All computational studies were carried out with Spartan '04 or '14. Conformational analyses were carried out by molecular mechanics force field (MMFF) with distance constraints obtained from the NMR studies. The geometries of the unique conformers were then optimized without distance constraints using Hartree‒Fock approximation with the 3–21G basis set. The resultant duplicated conformers were removed after alignment analyses with PyMOL 1.7. Equilibrium geometries were first calculated with distance constraints using the AM1 semiempirical method starting from the MMFF conformer geometry. The results were then optimized without distance constraints using density functional theory calculations with the Becke, three-parameter, Lee–Yang–Parr (B3LYP) functional and the 6–31G** basis set. The results were further refined by B3LYP/6–31+G* calculations. The computed geometries of the cGAMP molecules are consistent with the N/S conformations of the ribose units predicted by the observed coupling constants (26).
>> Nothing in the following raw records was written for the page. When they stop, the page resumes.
(* Let $\rho\in\mathcal B_+(A_0A_1)$. Then there exist $V\in\mathcal B(A_0)$ with ${\rm Tr}[VV^*]=1$ and $G\in\mathcal B_+(A_0A_1)$ such that $\rho=(\chi_V\otimes\mathrm{id}_{A_1})(G)$ and $\|G\|=\|\rho\|^\diamond_{A_1|A_0}$, where $\chi_V(X)=VXV^*$ and $\|G\|$ is the operator norm.
   Context: For finite-dimensional $\mathcal H_{A_0},\mathcal H_{A_1}$ and $\rho\in\mathcal B_+(A_0A_1)$, $\|\rho\|^\diamond_{A_1|A_0}=\min\{\lambda>0:\rho\le\lambda\,\sigma\otimes I_{A_1}\text{ for some state }\sigma\in\mathfrak S(A_0)\}$ (equal to $2^{-H_{\min}(A_1|A_0)_\rho}$). *)

theory Defs
  imports "HOL-Analysis.Analysis"
begin

text \<open>Operators on finite-dimensional complex Hilbert spaces are represented as
square complex matrices indexed by a finite type; the composite system A0A1 is
indexed by the product type of the two index types.\<close>

type_synonym 'n cmat = "complex ^ 'n ^ 'n"

definition adj :: "'n::finite cmat \<Rightarrow> 'n cmat" where
  "adj A = (\<chi> i j. cnj (A $ j $ i))"

definition tr :: "'n::finite cmat \<Rightarrow> complex" where
  "tr A = (\<Sum>i\<in>UNIV. A $ i $ i)"

definition psd :: "'n::finite cmat \<Rightarrow> bool" where
  "psd A \<longleftrightarrow> (\<forall>v :: complex ^ 'n.
      let q = (\<Sum>i\<in>UNIV. cnj (v $ i) * (A *v v) $ i) in Im q = 0 \<and> Re q \<ge> 0)"

definition loewner_le :: "'n::finite cmat \<Rightarrow> 'n cmat \<Rightarrow> bool" where
  "loewner_le A B \<longleftrightarrow> psd (B - A)"

definition is_state :: "'n::finite cmat \<Rightarrow> bool" where
  "is_state \<sigma> \<longleftrightarrow> psd \<sigma> \<and> tr \<sigma> = 1"

definition kron :: "'a::finite cmat \<Rightarrow> 'b::finite cmat \<Rightarrow> ('a \<times> 'b) cmat" where
  "kron A B = (\<chi> p q. A $ fst p $ fst q * B $ snd p $ snd q)"

definition conj_tensor_id :: "'a::finite cmat \<Rightarrow> ('a \<times> 'b::finite) cmat \<Rightarrow> ('a \<times> 'b) cmat" where
  "conj_tensor_id V G = kron V (mat 1) ** G ** adj (kron V (mat 1))"

definition op_norm :: "'n::finite cmat \<Rightarrow> real" where
  "op_norm A = onorm (\<lambda>x. A *v x)"

text \<open>\<open>\<parallel>\<rho>\<parallel>^\<diamond>_{A1|A0} = min{\<lambda>>0 : \<rho> \<le> \<lambda> \<sigma>\<otimes>I, \<sigma> a state}\<close>, written as an infimum
(it is attained whenever \<rho> \<noteq> 0; for \<rho> = 0 the infimum is 0).\<close>
definition cond_diamond_norm :: "('a::finite \<times> 'b::finite) cmat \<Rightarrow> real" where
  "cond_diamond_norm \<rho> = Inf {t::real. t > 0 \<and>
      (\<exists>\<sigma> :: 'a cmat. is_state \<sigma> \<and> loewner_le \<rho> (t *\<^sub>R kron \<sigma> (mat 1 :: 'b cmat)))}"

end

theory Submission
  imports Defs
begin

(* If rho <= t (sigma (x) I) for a state sigma, perturb sigma to the invertible state
   P = (sigma + (eps/d) I) / (1 + eps) and factor P = W (adj W) (Cholesky).  Then
   G = (W^-1 (x) I) rho (adj W^-1 (x) I) satisfies rho = (W (x) I) G (adj W (x) I),
   tr (W (adj W)) = 1 and ||G|| <= (1 + eps) t.  Conversely, every factorisation
   rho = (V (x) I) G (adj V (x) I) with tr (V (adj V)) = 1 is feasible for the diamond norm
   with sigma = V (adj V) and any t > ||G||, so ||G|| is never below the infimum.  Letting t
   tend to the infimum and eps to 0, the factorisations stay in a compact set (||V|| = 1,
   ||G|| bounded), and a limit point attains the infimum. *)

section \<open>Quadratic forms, adjoints and Kronecker products\<close>

definition cinner :: "complex ^ 'n \<Rightarrow> complex ^ 'n \<Rightarrow> complex" where
  "cinner v w = (\<Sum>i\<in>UNIV. cnj (v $ i) * w $ i)"

definition quad_form :: "'n::finite cmat \<Rightarrow> complex ^ 'n \<Rightarrow> complex" where
  "quad_form A v = cinner v (A *v v)"

lemma Re_cinner: "Re (cinner v w) = inner v w"
  by (simp add: cinner_def inner_vec_def inner_complex_def Re_sum)

lemma cinner_self: "cinner v v = of_real ((norm v)\<^sup>2)"
proof -
  have "cinner v v = (\<Sum>i\<in>UNIV. of_real ((cmod (v $ i))\<^sup>2))"
    unfolding cinner_def
    by (rule sum.cong) (simp_all add: mult.commute flip: complex_norm_square)
  also have "\<dots> = of_real ((norm v)\<^sup>2)"
    unfolding norm_vec_def L2_set_def by (simp add: sum_nonneg)
  finally show ?thesis .
qed

lemma cinner_add_left: "cinner (u + v) w = cinner u w + cinner v w"
  by (simp add: cinner_def distrib_right sum.distrib)

lemma cinner_add_right: "cinner u (v + w) = cinner u v + cinner u w"
  by (simp add: cinner_def distrib_left sum.distrib)

lemma cinner_axis_left: "cinner (axis i a) w = cnj a * w $ i"
  unfolding cinner_def axis_def
  by (simp add: if_distrib[of cnj] if_distrib[of "\<lambda>x. x * _"] cong: if_cong)

lemma cinner_adj: "cinner v (A *v w) = cinner (adj A *v v) w"
  unfolding cinner_def adj_def matrix_vector_mult_def
  by (simp add: sum_distrib_left sum_distrib_right, subst sum.swap, simp add: mult_ac)

lemma adj_adj [simp]: "adj (adj A) = A"
  by (simp add: adj_def vec_eq_iff)

lemma adj_matrix_mult: "adj (A ** B) = adj B ** adj A"
  by (simp add: adj_def vec_eq_iff matrix_matrix_mult_def mult.commute)

lemma adj_add: "adj (A + B) = adj A + adj B"
  by (simp add: adj_def vec_eq_iff)

lemma adj_scaleR: "adj (c *\<^sub>R A) = c *\<^sub>R adj A"
  by (simp add: adj_def vec_eq_iff)

lemma adj_mat_1 [simp]: "adj (mat 1) = mat 1"
  by (simp add: adj_def vec_eq_iff mat_def)

lemma scaleR_matrix_vector_mult: "((c *\<^sub>R A) :: 'n::finite cmat) *v x = c *\<^sub>R (A *v x)"
  by (simp add: matrix_vector_mult_def vec_eq_iff)
    (simp add: scaleR_conv_of_real sum_distrib_left mult.assoc)

lemma matrix_vector_mult_axis: "(A *v axis j c) $ i = A $ i $ j * c"
  unfolding matrix_vector_mult_def axis_def
  by (simp add: if_distrib[of "\<lambda>x. A $ i $ _ * x"] cong: if_cong)

lemma quad_form_eq_sum: "quad_form A v = (\<Sum>i\<in>UNIV. \<Sum>j\<in>UNIV. cnj (v $ i) * A $ i $ j * v $ j)"
  by (simp add: quad_form_def cinner_def matrix_vector_mult_def sum_distrib_left mult.assoc)

lemma Re_quad_form: "Re (quad_form A v) = inner v (A *v v)"
  by (simp add: quad_form_def Re_cinner)

lemma quad_form_add: "quad_form (A + B) v = quad_form A v + quad_form B v"
  by (simp add: quad_form_def cinner_def matrix_vector_mult_add_rdistrib distrib_left sum.distrib)

lemma quad_form_diff: "quad_form (A - B) v = quad_form A v - quad_form B v"
  by (simp add: quad_form_def cinner_def matrix_vector_mult_diff_rdistrib right_diff_distrib sum_subtractf)

lemma quad_form_scaleR: "quad_form (c *\<^sub>R A) v = of_real c * quad_form A v"
  by (simp add: quad_form_def cinner_def scaleR_matrix_vector_mult)
    (simp add: scaleR_conv_of_real sum_distrib_left mult.left_commute)

lemma quad_form_mat_1: "quad_form (mat 1) v = of_real ((norm v)\<^sup>2)"
  by (simp add: quad_form_def cinner_self)

lemma quad_form_congruence: "quad_form (M ** A ** adj M) v = quad_form A (adj M *v v)"
  by (simp add: quad_form_def cinner_adj matrix_vector_mul_assoc[symmetric])

lemma quad_form_gram: "quad_form (W ** adj W) v = of_real ((norm (adj W *v v))\<^sup>2)"
  using quad_form_congruence[of W "mat 1"] by (simp add: quad_form_mat_1)

lemma quad_form_axis_add_axis:
  "quad_form A (axis i a + axis j c) =
     cnj a * A $ i $ i * a + cnj a * A $ i $ j * c + cnj c * A $ j $ i * a + cnj c * A $ j $ j * c"
  by (simp add: quad_form_def matrix_vector_right_distrib cinner_add_left cinner_add_right
      cinner_axis_left matrix_vector_mult_axis mult.assoc)

lemma psd_iff_quad_form: "psd A \<longleftrightarrow> (\<forall>v. Im (quad_form A v) = 0 \<and> Re (quad_form A v) \<ge> 0)"
  by (simp add: psd_def quad_form_def cinner_def Let_def)

lemma psd_congruence: "psd A \<Longrightarrow> psd (M ** A ** adj M)"
  by (simp add: psd_iff_quad_form quad_form_congruence)

lemma psd_gram: "psd (W ** adj W)"
  by (simp add: psd_iff_quad_form quad_form_gram)

lemma psd_add: "psd A \<Longrightarrow> psd B \<Longrightarrow> psd (A + B)"
  by (simp add: psd_iff_quad_form quad_form_add)

lemma psd_scaleR: "0 \<le> c \<Longrightarrow> psd A \<Longrightarrow> psd (c *\<^sub>R A)"
  by (simp add: psd_iff_quad_form quad_form_scaleR)

lemma psd_mat_1: "psd (mat 1)"
  by (simp add: psd_iff_quad_form quad_form_mat_1)

lemma psd_hermitian:
  assumes "psd A"
  shows "adj A = A"
proof -
  have Im_eq_0: "Im (quad_form A v) = 0" for v
    using assms by (simp add: psd_iff_quad_form)
  have "cnj (A $ j $ i) = A $ i $ j" for i j
  proof -
    have diag: "Im (A $ i $ i) = 0" "Im (A $ j $ j) = 0"
      using Im_eq_0[of "axis i 1 + axis i 0"] Im_eq_0[of "axis j 1 + axis j 0"]
      by (simp_all add: quad_form_axis_add_axis)
    have "Im (A $ i $ j) + Im (A $ j $ i) = 0"
      using Im_eq_0[of "axis i 1 + axis j 1"] diag by (simp add: quad_form_axis_add_axis)
    moreover have "Re (A $ i $ j) - Re (A $ j $ i) = 0"
      using Im_eq_0[of "axis i 1 + axis j \<i>"] diag by (simp add: quad_form_axis_add_axis)
    ultimately show ?thesis
      by (simp add: complex_eq_iff)
  qed
  then show ?thesis by (simp add: adj_def vec_eq_iff)
qed

lemma tr_add: "tr (A + B) = tr A + tr B"
  by (simp add: tr_def sum.distrib)

lemma tr_scaleR: "tr (c *\<^sub>R A) = of_real c * tr A"
  by (simp add: tr_def) (simp add: sum_distrib_left scaleR_conv_of_real)

lemma tr_mat_1: "tr (mat 1 :: 'n::finite cmat) = of_nat CARD('n)"
  by (simp add: tr_def mat_def)

lemma tr_gram: "tr (W ** adj W) = of_real ((norm W)\<^sup>2)"
proof -
  have "tr (W ** adj W) = (\<Sum>i\<in>UNIV. cinner (W $ i) (W $ i))"
    unfolding tr_def cinner_def matrix_matrix_mult_def adj_def by (simp add: mult.commute)
  also have "\<dots> = of_real (\<Sum>i\<in>UNIV. (norm (W $ i))\<^sup>2)"
    by (simp add: cinner_self)
  also have "(\<Sum>i\<in>UNIV. (norm (W $ i))\<^sup>2) = (norm W)\<^sup>2"
    unfolding norm_vec_def L2_set_def by (simp add: sum_nonneg)
  finally show ?thesis .
qed

lemma kron_mult: "kron A B ** kron C D = kron (A ** C) (B ** D)"
  unfolding kron_def matrix_matrix_mult_def
  by (simp add: vec_eq_iff UNIV_Times_UNIV[symmetric] sum_product sum.cartesian_product
      split_def mult_ac del: UNIV_Times_UNIV)

lemma adj_kron: "adj (kron A B) = kron (adj A) (adj B)"
  by (simp add: adj_def kron_def vec_eq_iff)

lemma kron_mat_1: "kron (mat 1) (mat 1) = mat 1"
  by (simp add: kron_def mat_def vec_eq_iff prod_eq_iff)

lemma kron_add_left: "kron (A + B) C = kron A C + kron B C"
  by (simp add: kron_def vec_eq_iff distrib_right)

lemma kron_scaleR_left: "kron (c *\<^sub>R A) B = c *\<^sub>R kron A B"
  by (simp add: kron_def vec_eq_iff)

section \<open>Cholesky factorisation\<close>

text \<open>The Cholesky factorisation is proved by induction on the index set, so during the
  induction matrices are functions restricted to a finite set \<open>S\<close>.\<close>

definition hermitian_on :: "'n set \<Rightarrow> ('n \<Rightarrow> 'n \<Rightarrow> complex) \<Rightarrow> bool" where
  "hermitian_on S A \<longleftrightarrow> (\<forall>i\<in>S. \<forall>j\<in>S. cnj (A i j) = A j i)"

definition pos_def_on :: "'n set \<Rightarrow> ('n \<Rightarrow> 'n \<Rightarrow> complex) \<Rightarrow> bool" where
  "pos_def_on S A \<longleftrightarrow>
     (\<forall>v. (\<exists>i\<in>S. v i \<noteq> 0) \<longrightarrow> Re (\<Sum>i\<in>S. \<Sum>j\<in>S. cnj (v i) * A i j * v j) > 0)"

lemma pos_def_onD:
  "pos_def_on S A \<Longrightarrow> \<exists>i\<in>S. v i \<noteq> 0 \<Longrightarrow> Re (\<Sum>i\<in>S. \<Sum>j\<in>S. cnj (v i) * A i j * v j) > 0"
  by (simp add: pos_def_on_def)

lemma pos_def_on_diag:
  assumes "pos_def_on S A" "finite S" "k \<in> S"
  shows "Re (A k k) > 0"
proof -
  let ?e = "\<lambda>l. if l = k then 1 else 0 :: complex"
  have "\<exists>i\<in>S. ?e i \<noteq> 0"
    using assms(3) by auto
  then have "Re (\<Sum>i\<in>S. \<Sum>j\<in>S. cnj (?e i) * A i j * ?e j) > 0"
    by (rule pos_def_onD[OF assms(1)])
  moreover have "(\<Sum>i\<in>S. \<Sum>j\<in>S. cnj (?e i) * A i j * ?e j) = A k k"
    using assms(2,3)
    by (simp add: if_distrib[of cnj] if_distrib[of "times _"] if_distrib[of "\<lambda>x. x * _"]
        cong: if_cong)
  ultimately show ?thesis by simp
qed

lemma hermitian_on_schur_complement:
  assumes "hermitian_on (insert k S) A"
  shows "hermitian_on S (\<lambda>i j. A i j - A i k * A k j / A k k)"
  using assms unfolding hermitian_on_def by (simp add: mult.commute)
The empirical and calculated interproton distances also agree with each other. The data for the dihedral angle-based conformation analyses are provided in SI Appendix, Tables S3–S5. The root-mean-square distances for the empirical and computed interproton distances are given in SI Appendix, Tables S6–S8. The relative energies and the statistics of the alignment of the conformers are listed in SI Appendix, Tables S9 and S10. The Cartesian coordinates of the computed equilibrium geometries of the cGAMP molecules are given in SI Appendix, Tables S11–S13.